Dataset entries
=== Begin Enclosure ===

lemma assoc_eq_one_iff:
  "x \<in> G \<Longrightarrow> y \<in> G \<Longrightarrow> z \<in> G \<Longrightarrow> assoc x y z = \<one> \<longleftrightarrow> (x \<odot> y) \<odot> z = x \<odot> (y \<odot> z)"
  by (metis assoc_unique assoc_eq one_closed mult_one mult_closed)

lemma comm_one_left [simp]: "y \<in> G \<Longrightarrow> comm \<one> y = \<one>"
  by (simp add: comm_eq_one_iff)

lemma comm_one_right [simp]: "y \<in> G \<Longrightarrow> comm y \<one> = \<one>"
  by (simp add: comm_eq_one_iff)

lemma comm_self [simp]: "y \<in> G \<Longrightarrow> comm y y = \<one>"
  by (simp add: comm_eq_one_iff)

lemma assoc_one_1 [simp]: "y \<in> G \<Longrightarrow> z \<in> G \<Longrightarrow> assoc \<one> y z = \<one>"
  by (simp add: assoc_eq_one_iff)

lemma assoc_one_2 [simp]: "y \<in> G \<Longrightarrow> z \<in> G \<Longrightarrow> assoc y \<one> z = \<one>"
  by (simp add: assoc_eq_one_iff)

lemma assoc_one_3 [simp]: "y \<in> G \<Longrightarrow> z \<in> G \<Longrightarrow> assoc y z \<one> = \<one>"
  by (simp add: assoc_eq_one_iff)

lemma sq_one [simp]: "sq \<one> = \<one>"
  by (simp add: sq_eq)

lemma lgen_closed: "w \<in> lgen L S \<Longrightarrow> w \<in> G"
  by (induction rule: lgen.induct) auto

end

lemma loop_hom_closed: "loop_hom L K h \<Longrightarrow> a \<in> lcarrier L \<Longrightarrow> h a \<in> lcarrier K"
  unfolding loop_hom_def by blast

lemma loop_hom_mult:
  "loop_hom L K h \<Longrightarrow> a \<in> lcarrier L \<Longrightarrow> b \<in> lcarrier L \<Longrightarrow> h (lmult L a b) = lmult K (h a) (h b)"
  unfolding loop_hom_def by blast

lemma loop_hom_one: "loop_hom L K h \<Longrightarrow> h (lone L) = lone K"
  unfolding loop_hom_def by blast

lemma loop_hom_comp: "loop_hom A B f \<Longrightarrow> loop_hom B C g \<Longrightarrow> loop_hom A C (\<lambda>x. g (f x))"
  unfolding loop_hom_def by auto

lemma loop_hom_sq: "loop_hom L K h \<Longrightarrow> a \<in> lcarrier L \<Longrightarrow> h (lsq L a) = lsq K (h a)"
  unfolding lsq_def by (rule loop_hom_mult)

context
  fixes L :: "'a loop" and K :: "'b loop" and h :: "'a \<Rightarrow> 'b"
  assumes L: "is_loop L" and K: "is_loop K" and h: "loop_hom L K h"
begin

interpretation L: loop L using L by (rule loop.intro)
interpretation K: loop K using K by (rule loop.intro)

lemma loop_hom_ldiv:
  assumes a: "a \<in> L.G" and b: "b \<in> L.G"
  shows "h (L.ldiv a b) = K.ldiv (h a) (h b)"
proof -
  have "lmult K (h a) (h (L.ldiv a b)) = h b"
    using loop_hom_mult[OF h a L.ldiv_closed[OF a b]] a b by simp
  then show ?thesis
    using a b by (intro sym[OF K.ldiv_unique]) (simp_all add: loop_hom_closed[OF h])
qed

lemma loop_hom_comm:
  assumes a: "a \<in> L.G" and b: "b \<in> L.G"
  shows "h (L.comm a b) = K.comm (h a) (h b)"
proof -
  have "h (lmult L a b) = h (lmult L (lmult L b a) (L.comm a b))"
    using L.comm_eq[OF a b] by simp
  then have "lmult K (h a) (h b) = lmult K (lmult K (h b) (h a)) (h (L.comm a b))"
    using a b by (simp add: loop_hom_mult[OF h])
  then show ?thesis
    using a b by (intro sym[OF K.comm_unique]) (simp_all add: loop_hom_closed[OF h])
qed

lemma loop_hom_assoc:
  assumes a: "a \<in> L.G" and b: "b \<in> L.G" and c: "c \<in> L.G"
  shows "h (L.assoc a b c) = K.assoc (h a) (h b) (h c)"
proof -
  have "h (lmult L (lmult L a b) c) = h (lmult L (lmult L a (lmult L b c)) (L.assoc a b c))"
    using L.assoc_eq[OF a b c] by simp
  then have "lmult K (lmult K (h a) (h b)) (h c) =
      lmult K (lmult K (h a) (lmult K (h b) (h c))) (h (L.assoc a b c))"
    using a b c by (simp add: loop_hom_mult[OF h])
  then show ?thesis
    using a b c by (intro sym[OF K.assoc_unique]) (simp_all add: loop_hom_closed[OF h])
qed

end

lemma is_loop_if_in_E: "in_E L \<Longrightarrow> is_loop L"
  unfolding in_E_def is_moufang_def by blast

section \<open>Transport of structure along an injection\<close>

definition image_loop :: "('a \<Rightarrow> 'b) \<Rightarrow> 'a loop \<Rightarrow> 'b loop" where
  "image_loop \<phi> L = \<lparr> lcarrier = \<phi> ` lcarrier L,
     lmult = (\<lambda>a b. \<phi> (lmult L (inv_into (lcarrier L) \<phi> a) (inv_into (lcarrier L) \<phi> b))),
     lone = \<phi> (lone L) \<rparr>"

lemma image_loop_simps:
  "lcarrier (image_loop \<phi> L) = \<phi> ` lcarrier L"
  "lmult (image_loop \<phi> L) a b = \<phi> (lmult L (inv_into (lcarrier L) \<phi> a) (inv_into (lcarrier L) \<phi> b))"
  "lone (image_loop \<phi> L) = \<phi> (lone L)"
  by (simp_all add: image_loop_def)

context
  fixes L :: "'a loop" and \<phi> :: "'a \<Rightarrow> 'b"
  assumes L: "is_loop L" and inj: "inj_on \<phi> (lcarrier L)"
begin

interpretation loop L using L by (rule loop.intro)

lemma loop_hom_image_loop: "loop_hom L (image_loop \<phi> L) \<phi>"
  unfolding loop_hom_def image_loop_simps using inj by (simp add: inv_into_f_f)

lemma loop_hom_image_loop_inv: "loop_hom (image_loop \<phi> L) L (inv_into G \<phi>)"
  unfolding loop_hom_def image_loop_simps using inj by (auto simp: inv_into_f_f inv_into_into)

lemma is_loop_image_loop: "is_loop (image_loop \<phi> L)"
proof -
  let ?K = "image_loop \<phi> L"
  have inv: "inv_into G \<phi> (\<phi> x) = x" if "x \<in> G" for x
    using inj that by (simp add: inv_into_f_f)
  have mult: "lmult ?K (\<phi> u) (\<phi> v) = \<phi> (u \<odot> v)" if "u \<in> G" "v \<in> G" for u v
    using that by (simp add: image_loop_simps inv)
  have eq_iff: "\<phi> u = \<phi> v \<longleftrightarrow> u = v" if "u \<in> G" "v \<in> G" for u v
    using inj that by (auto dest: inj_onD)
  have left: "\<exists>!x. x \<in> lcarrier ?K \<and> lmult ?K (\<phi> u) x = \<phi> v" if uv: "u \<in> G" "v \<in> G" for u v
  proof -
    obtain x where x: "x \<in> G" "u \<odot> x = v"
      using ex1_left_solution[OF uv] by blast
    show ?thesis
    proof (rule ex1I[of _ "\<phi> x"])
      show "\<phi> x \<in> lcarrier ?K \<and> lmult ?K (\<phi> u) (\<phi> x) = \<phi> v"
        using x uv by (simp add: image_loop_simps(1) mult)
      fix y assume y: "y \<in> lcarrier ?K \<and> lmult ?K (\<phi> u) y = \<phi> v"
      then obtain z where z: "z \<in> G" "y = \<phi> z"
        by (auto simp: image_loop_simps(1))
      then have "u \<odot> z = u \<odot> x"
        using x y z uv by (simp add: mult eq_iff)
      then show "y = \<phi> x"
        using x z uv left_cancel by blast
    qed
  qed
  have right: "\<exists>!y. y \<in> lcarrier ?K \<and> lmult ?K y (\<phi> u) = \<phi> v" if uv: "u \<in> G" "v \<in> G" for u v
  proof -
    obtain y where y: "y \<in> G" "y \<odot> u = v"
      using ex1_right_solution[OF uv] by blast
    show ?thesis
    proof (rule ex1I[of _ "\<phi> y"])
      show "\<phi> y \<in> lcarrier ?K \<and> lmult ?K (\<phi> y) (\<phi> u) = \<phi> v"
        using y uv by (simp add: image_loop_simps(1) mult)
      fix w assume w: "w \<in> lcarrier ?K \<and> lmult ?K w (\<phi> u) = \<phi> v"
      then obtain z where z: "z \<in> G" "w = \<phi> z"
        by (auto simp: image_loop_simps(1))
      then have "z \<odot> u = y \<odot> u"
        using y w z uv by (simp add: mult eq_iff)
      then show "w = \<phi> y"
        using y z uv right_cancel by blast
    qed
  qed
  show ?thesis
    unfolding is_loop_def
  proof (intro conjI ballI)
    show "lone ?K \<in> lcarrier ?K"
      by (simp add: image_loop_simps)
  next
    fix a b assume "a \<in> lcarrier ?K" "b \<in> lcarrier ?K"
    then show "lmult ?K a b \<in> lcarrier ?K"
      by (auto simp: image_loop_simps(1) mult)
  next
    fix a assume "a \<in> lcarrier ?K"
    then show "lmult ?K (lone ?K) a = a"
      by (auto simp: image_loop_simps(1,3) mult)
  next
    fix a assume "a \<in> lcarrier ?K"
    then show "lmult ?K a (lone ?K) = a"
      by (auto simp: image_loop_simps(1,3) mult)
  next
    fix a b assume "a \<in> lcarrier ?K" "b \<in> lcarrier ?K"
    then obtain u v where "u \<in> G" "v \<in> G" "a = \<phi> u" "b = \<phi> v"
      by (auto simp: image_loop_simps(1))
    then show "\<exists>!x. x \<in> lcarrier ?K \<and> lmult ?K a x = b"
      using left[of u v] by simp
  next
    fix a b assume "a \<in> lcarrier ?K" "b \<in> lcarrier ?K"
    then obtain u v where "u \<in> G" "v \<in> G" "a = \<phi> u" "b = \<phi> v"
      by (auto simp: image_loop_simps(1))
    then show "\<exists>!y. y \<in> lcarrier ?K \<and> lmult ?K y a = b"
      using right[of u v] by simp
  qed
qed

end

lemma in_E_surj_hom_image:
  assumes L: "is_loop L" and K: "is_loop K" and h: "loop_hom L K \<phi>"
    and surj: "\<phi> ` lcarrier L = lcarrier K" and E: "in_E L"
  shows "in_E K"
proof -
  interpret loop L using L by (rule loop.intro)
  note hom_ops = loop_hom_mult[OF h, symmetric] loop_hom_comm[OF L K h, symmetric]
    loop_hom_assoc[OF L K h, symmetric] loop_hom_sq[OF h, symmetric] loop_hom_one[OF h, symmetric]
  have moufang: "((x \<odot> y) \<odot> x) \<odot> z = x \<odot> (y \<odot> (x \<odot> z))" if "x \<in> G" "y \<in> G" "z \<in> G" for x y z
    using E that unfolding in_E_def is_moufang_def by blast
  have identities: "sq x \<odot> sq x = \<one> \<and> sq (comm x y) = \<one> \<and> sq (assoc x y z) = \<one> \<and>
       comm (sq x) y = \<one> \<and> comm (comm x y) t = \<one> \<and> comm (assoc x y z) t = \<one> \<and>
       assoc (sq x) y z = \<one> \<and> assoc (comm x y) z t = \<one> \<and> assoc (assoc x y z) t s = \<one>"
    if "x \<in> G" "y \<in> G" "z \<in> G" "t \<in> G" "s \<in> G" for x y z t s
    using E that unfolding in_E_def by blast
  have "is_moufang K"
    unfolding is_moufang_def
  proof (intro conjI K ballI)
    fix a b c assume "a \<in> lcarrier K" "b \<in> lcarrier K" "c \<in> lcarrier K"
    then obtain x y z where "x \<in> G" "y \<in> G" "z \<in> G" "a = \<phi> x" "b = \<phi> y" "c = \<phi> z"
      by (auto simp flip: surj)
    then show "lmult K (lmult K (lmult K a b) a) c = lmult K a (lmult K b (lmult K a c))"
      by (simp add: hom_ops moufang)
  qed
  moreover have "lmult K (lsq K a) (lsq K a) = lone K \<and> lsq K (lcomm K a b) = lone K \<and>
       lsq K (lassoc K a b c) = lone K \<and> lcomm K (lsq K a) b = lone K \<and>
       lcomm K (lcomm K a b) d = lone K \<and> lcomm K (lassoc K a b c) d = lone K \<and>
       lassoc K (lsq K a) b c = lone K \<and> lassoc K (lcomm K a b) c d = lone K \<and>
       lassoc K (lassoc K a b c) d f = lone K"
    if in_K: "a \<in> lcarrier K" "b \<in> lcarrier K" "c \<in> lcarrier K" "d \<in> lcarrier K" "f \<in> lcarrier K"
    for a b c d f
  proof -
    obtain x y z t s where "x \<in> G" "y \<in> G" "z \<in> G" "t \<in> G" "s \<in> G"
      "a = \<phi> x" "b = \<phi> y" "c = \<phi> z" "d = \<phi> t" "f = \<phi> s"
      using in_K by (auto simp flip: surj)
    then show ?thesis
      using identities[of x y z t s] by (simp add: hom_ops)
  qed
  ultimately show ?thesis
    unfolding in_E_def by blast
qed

=== End Enclosure ===

Task objective:
Using the records above, output exactly the lines from the one containing "lcomm K (lcomm" through the last line, and no others.

Finished task:
       lcomm K (lcomm K a b) d = lone K \<and> lcomm K (lassoc K a b c) d = lone K \<and>
       lassoc K (lsq K a) b c = lone K \<and> lassoc K (lcomm K a b) c d = lone K \<and>
       lassoc K (lassoc K a b c) d f = lone K"
    if in_K: "a \<in> lcarrier K" "b \<in> lcarrier K" "c \<in> lcarrier K" "d \<in> lcarrier K" "f \<in> lcarrier K"
    for a b c d f
  proof -
    obtain x y z t s where "x \<in> G" "y \<in> G" "z \<in> G" "t \<in> G" "s \<in> G"
      "a = \<phi> x" "b = \<phi> y" "c = \<phi> z" "d = \<phi> t" "f = \<phi> s"
      using in_K by (auto simp flip: surj)
    then show ?thesis
      using identities[of x y z t s] by (simp add: hom_ops)
  qed
  ultimately show ?thesis
    unfolding in_E_def by blast
qed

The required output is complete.